definition phs_win2 :: "nat \<Rightarrow> (nat \<Rightarrow> 'v \<times> vec list) \<Rightarrow> (nat \<Rightarrow> vec) \<Rightarrow> bool" where
  "phs_win2 d \<rho> ws \<longleftrightarrow> (\<exists>gs. gs \<noteq> [] \<and> pphs d gs \<and>
      (\<exists>N. \<forall>i\<ge>N. prefix gs (snd (\<rho> i))) \<and>
      (\<forall>B. \<exists>N. \<forall>n\<ge>N. (\<Sum>j<n. dotp d (ws j) (last gs)) < B) \<and>
      (\<forall>l < length gs - 1. \<exists>B. \<forall>N. \<exists>n\<ge>N. (\<Sum>j<n. dotp d (ws j) (gs ! l)) \<le> B))"

text \<open>Projection of a PHS strategy: track the half space component internally, starting
  from H. lift_rev works on reversed histories.\<close>
fun lift_rev :: "'v set \<Rightarrow> (('v \<times> 'h) list \<Rightarrow> ('v \<times> 'h)) \<Rightarrow> 'h \<Rightarrow> 'v list \<Rightarrow> ('v \<times> 'h) list" where
  "lift_rev V2 \<tau> H [] = []"
| "lift_rev V2 \<tau> H [v] = [(v, H)]"
| "lift_rev V2 \<tau> H (v' # v # rest) =
     (let hh = lift_rev V2 \<tau> H (v # rest)
      in (v', if fst (hd hh) \<in> V2 then snd (\<tau> (rev hh)) else snd (hd hh)) # hh)"

definition proj :: "'v set \<Rightarrow> (('v \<times> 'h) list \<Rightarrow> ('v \<times> 'h)) \<Rightarrow> 'h \<Rightarrow> 'v list \<Rightarrow> 'v" where
  "proj V2 \<tau> H h = fst (\<tau> (rev (lift_rev V2 \<tau> H (rev h))))"

end
lemma L2_set_norm_le_tuple_norm:
  fixes T :: "'d::finite \<Rightarrow> 'a::complex_hilbert \<Rightarrow> 'a"
  assumes T: "\<forall>k. bounded_op (T k)"
  shows "L2_set (\<lambda>k. norm (T k x)) UNIV \<le> tuple_norm T * norm x"
proof (cases "x = 0")
  case True
  then show ?thesis
    using T by (simp add: bounded_op_zero tuple_norm_nonneg L2_set_def)
next
  case False
  define n where "n = norm x"
  have n: "n > 0"
    using False by (simp add: n_def)
  define u where "u = scaleR (1 / n) x"
  have "norm (T k u) = 1 / n * norm (T k x)" for k
    using T n by (simp add: u_def bounded_op_scaleR)
  then have "1 / n * L2_set (\<lambda>k. norm (T k x)) UNIV = L2_set (\<lambda>k. norm (T k u)) UNIV"
    using n L2_set_right_distrib[of "1 / n" "\<lambda>k. norm (T k x)" UNIV] by simp
  also have "\<dots> \<le> tuple_norm T"
    unfolding tuple_norm_def L2_set_def
    using n by (intro cSup_upper[OF _ bdd_above_tuple_norm_set[OF T]]) (auto simp: u_def n_def)
  finally show ?thesis
    using n by (simp add: n_def field_simps)
qed

lemma L2_set_cinner_le_tuple_norm:
  fixes T :: "'d::finite \<Rightarrow> 'a::complex_hilbert \<Rightarrow> 'a"
  assumes "\<forall>k. bounded_op (T k)"
  shows "L2_set (\<lambda>k. cmod (cinner (T k y) x)) UNIV \<le> tuple_norm T * norm x * norm y"
proof -
  have "L2_set (\<lambda>k. cmod (cinner (T k y) x)) UNIV \<le> L2_set (\<lambda>k. norm (T k y) * norm x) UNIV"
    by (rule L2_set_mono) (simp_all add: norm_cinner_le)
  also have "\<dots> = L2_set (\<lambda>k. norm (T k y)) UNIV * norm x"
    by (simp add: L2_set_left_distrib)
  also have "\<dots> \<le> tuple_norm T * norm y * norm x"
    using L2_set_norm_le_tuple_norm[OF assms, of y] by (simp add: mult_right_mono)
  finally show ?thesis
    by (simp add: mult_ac)
qed

lemma cinner_block_op:
  "cinner (block_op X Y Z W (x\<^sub>1, x\<^sub>2)) (x\<^sub>1, x\<^sub>2)
     = cinner (X x\<^sub>1) x\<^sub>1 + cinner (Y x\<^sub>2) x\<^sub>1 + cinner (Z x\<^sub>1) x\<^sub>2 + cinner (W x\<^sub>2) x\<^sub>2"
  by (simp add: block_op_def cinner_prod_def cinner_add_left)

lemma L2_set_cinner_block_tuple_le:
  fixes X Y Z W :: "'d::finite \<Rightarrow> 'a::complex_hilbert \<Rightarrow> 'a"
  assumes X: "\<forall>k. bounded_op (X k)" and Y: "\<forall>k. bounded_op (Y k)"
    and Z: "\<forall>k. bounded_op (Z k)" and W: "\<forall>k. bounded_op (W k)"
  shows "L2_set (\<lambda>k. cmod (cinner (block_tuple X Y Z W k (x\<^sub>1, x\<^sub>2)) (x\<^sub>1, x\<^sub>2))) UNIV
    \<le> euclid_radius X * (norm x\<^sub>1)\<^sup>2 + (tuple_norm Y + tuple_norm Z) * (norm x\<^sub>1 * norm x\<^sub>2)
       + euclid_radius W * (norm x\<^sub>2)\<^sup>2"
proof -
  let ?L = "\<lambda>f. L2_set (\<lambda>k. cmod (f k)) UNIV"
  have "L2_set (\<lambda>k. cmod (cinner (block_tuple X Y Z W k (x\<^sub>1, x\<^sub>2)) (x\<^sub>1, x\<^sub>2))) UNIV
      = ?L (\<lambda>k. cinner (X k x\<^sub>1) x\<^sub>1 + cinner (Y k x\<^sub>2) x\<^sub>1 + cinner (Z k x\<^sub>1) x\<^sub>2 + cinner (W k x\<^sub>2) x\<^sub>2)"
    by (simp add: block_tuple_def cinner_block_op)
  also have "\<dots> \<le> ?L (\<lambda>k. cinner (X k x\<^sub>1) x\<^sub>1) + ?L (\<lambda>k. cinner (Y k x\<^sub>2) x\<^sub>1)
      + ?L (\<lambda>k. cinner (Z k x\<^sub>1) x\<^sub>2) + ?L (\<lambda>k. cinner (W k x\<^sub>2) x\<^sub>2)"
    using L2_set_norm_add_le[of "\<lambda>k. cinner (X k x\<^sub>1) x\<^sub>1 + cinner (Y k x\<^sub>2) x\<^sub>1 + cinner (Z k x\<^sub>1) x\<^sub>2"
        "\<lambda>k. cinner (W k x\<^sub>2) x\<^sub>2" UNIV]
      L2_set_norm_add_le[of "\<lambda>k. cinner (X k x\<^sub>1) x\<^sub>1 + cinner (Y k x\<^sub>2) x\<^sub>1"
        "\<lambda>k. cinner (Z k x\<^sub>1) x\<^sub>2" UNIV]
      L2_set_norm_add_le[of "\<lambda>k. cinner (X k x\<^sub>1) x\<^sub>1" "\<lambda>k. cinner (Y k x\<^sub>2) x\<^sub>1" UNIV]
    by linarith
  also have "\<dots> \<le> euclid_radius X * (norm x\<^sub>1)\<^sup>2 + (tuple_norm Y + tuple_norm Z) * (norm x\<^sub>1 * norm x\<^sub>2)
       + euclid_radius W * (norm x\<^sub>2)\<^sup>2"
    using L2_set_cinner_le_euclid_radius[OF X, of x\<^sub>1] L2_set_cinner_le_tuple_norm[OF Y, of x\<^sub>2 x\<^sub>1]
      L2_set_cinner_le_tuple_norm[OF Z, of x\<^sub>1 x\<^sub>2] L2_set_cinner_le_euclid_radius[OF W, of x\<^sub>2]
    by (simp add: algebra_simps)
  finally show ?thesis .
qed

lemma quadratic_form_mat2:
  "(\<Sum>i\<in>UNIV. cnj (v $ i) * ((mat2 a b c d *v v) $ i))
     = cnj (v $ 1) * (a * v $ 1 + b * v $ 2) + cnj (v $ 2) * (c * v $ 1 + d * v $ 2)"
  by (simp add: sum_2 matrix_vector_mult_def mat2_def)

lemma bdd_above_num_radius_set_mat2:
  "bdd_above {cmod (\<Sum>i\<in>UNIV. cnj (v $ i) * ((mat2 a b c d *v v) $ i)) | v :: complex^2. norm v = 1}"
proof (rule bdd_aboveI, safe)
  fix v :: "complex^2"
  assume "norm v = 1"
  then have unit: "cmod (v $ 1) \<le> 1" "cmod (v $ 2) \<le> 1"
    using Finite_Cartesian_Product.norm_nth_le[of v] by auto
  have "cmod (cnj (v $ 1) * (a * v $ 1 + b * v $ 2) + cnj (v $ 2) * (c * v $ 1 + d * v $ 2))
      \<le> cmod (v $ 1) * (cmod a * cmod (v $ 1) + cmod b * cmod (v $ 2))
        + cmod (v $ 2) * (cmod c * cmod (v $ 1) + cmod d * cmod (v $ 2))"
    by (smt (verit) norm_mult norm_triangle_ineq complex_mod_cnj mult_left_mono norm_ge_zero)
  also have "\<dots> \<le> 1 * (cmod a * 1 + cmod b * 1) + 1 * (cmod c * 1 + cmod d * 1)"
    using unit by (intro add_mono mult_mono) auto
  finally show "cmod (\<Sum>i\<in>UNIV. cnj (v $ i) * ((mat2 a b c d *v v) $ i))
      \<le> cmod a + cmod b + cmod c + cmod d"
    by (simp add: quadratic_form_mat2)
qed

lemma real_quadratic_form_le_num_radius_mat2:
  fixes a b c d t\<^sub>1 t\<^sub>2 :: real
  assumes "t\<^sub>1\<^sup>2 + t\<^sub>2\<^sup>2 = 1"
  shows "a * t\<^sub>1\<^sup>2 + (b + c) * (t\<^sub>1 * t\<^sub>2) + d * t\<^sub>2\<^sup>2 \<le> num_radius (mat2 a b c d)"
proof -
  define v :: "complex^2" where "v = (\<chi> i. if i = 1 then of_real t\<^sub>1 else of_real t\<^sub>2)"
  have v: "v $ 1 = of_real t\<^sub>1" "v $ 2 = of_real t\<^sub>2"
    by (simp_all add: v_def)
  have "norm v = 1"
    using assms by (simp add: norm_vec_def L2_set_def sum_2 v)
  moreover have "(\<Sum>i\<in>UNIV. cnj (v $ i) * ((mat2 a b c d *v v) $ i))
      = of_real (a * t\<^sub>1\<^sup>2 + (b + c) * (t\<^sub>1 * t\<^sub>2) + d * t\<^sub>2\<^sup>2)"
    unfolding quadratic_form_mat2 v by (simp add: power2_eq_square algebra_simps)
  ultimately have "\<bar>a * t\<^sub>1\<^sup>2 + (b + c) * (t\<^sub>1 * t\<^sub>2) + d * t\<^sub>2\<^sup>2\<bar>
      \<in> {cmod (\<Sum>i\<in>UNIV. cnj (w $ i) * ((mat2 a b c d *v w) $ i)) | w :: complex^2. norm w = 1}"
    by (metis (mono_tags, lifting) mem_Collect_eq norm_of_real)
  then have "\<bar>a * t\<^sub>1\<^sup>2 + (b + c) * (t\<^sub>1 * t\<^sub>2) + d * t\<^sub>2\<^sup>2\<bar> \<le> num_radius (mat2 a b c d)"
    unfolding num_radius_def by (rule cSup_upper[OF _ bdd_above_num_radius_set_mat2])
  then show ?thesis
    by linarith
qed

theorem theorem3p2:
  fixes X Y Z W :: "'d::finite \<Rightarrow> 'a::complex_hilbert \<Rightarrow> 'a"
  assumes "\<forall>k. bounded_op (X k)" and "\<forall>k. bounded_op (Y k)"
    and "\<forall>k. bounded_op (Z k)" and "\<forall>k. bounded_op (W k)"
  shows "euclid_radius (block_tuple X Y Z W)
           \<le> num_radius (mat2 (complex_of_real (euclid_radius X)) (complex_of_real (tuple_norm Y))
                              (complex_of_real (tuple_norm Z)) (complex_of_real (euclid_radius W)))"
proof (rule euclid_radius_le)
  note quadratic_form_le = real_quadratic_form_le_num_radius_mat2
    [of _ _ "euclid_radius X" "tuple_norm Y" "tuple_norm Z" "euclid_radius W"]
  show "0 \<le> num_radius (mat2 (euclid_radius X) (tuple_norm Y) (tuple_norm Z) (euclid_radius W))"
    using quadratic_form_le[of 1 0] euclid_radius_nonneg[OF assms(1)] by simp
  fix p :: "'a \<times> 'a"
  assume "norm p = 1"
  moreover obtain x\<^sub>1 x\<^sub>2 where p: "p = (x\<^sub>1, x\<^sub>2)"
    by fastforce
  ultimately have "(norm x\<^sub>1)\<^sup>2 + (norm x\<^sub>2)\<^sup>2 = 1"
    by (simp add: norm_prod_def)
  then show "L2_set (\<lambda>k. cmod (cinner (block_tuple X Y Z W k p) p)) UNIV
      \<le> num_radius (mat2 (euclid_radius X) (tuple_norm Y) (tuple_norm Z) (euclid_radius W))"
    unfolding p using L2_set_cinner_block_tuple_le[OF assms, of x\<^sub>1 x\<^sub>2] quadratic_form_le
    by (meson order_trans)
qed

end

===

● **EXERCISE OBJECTIVE**
Where does the string "False" appear in the records above? Show every line that holds it.

● **SOLUTION BELOW**
  case False
    using False by (simp add: n_def)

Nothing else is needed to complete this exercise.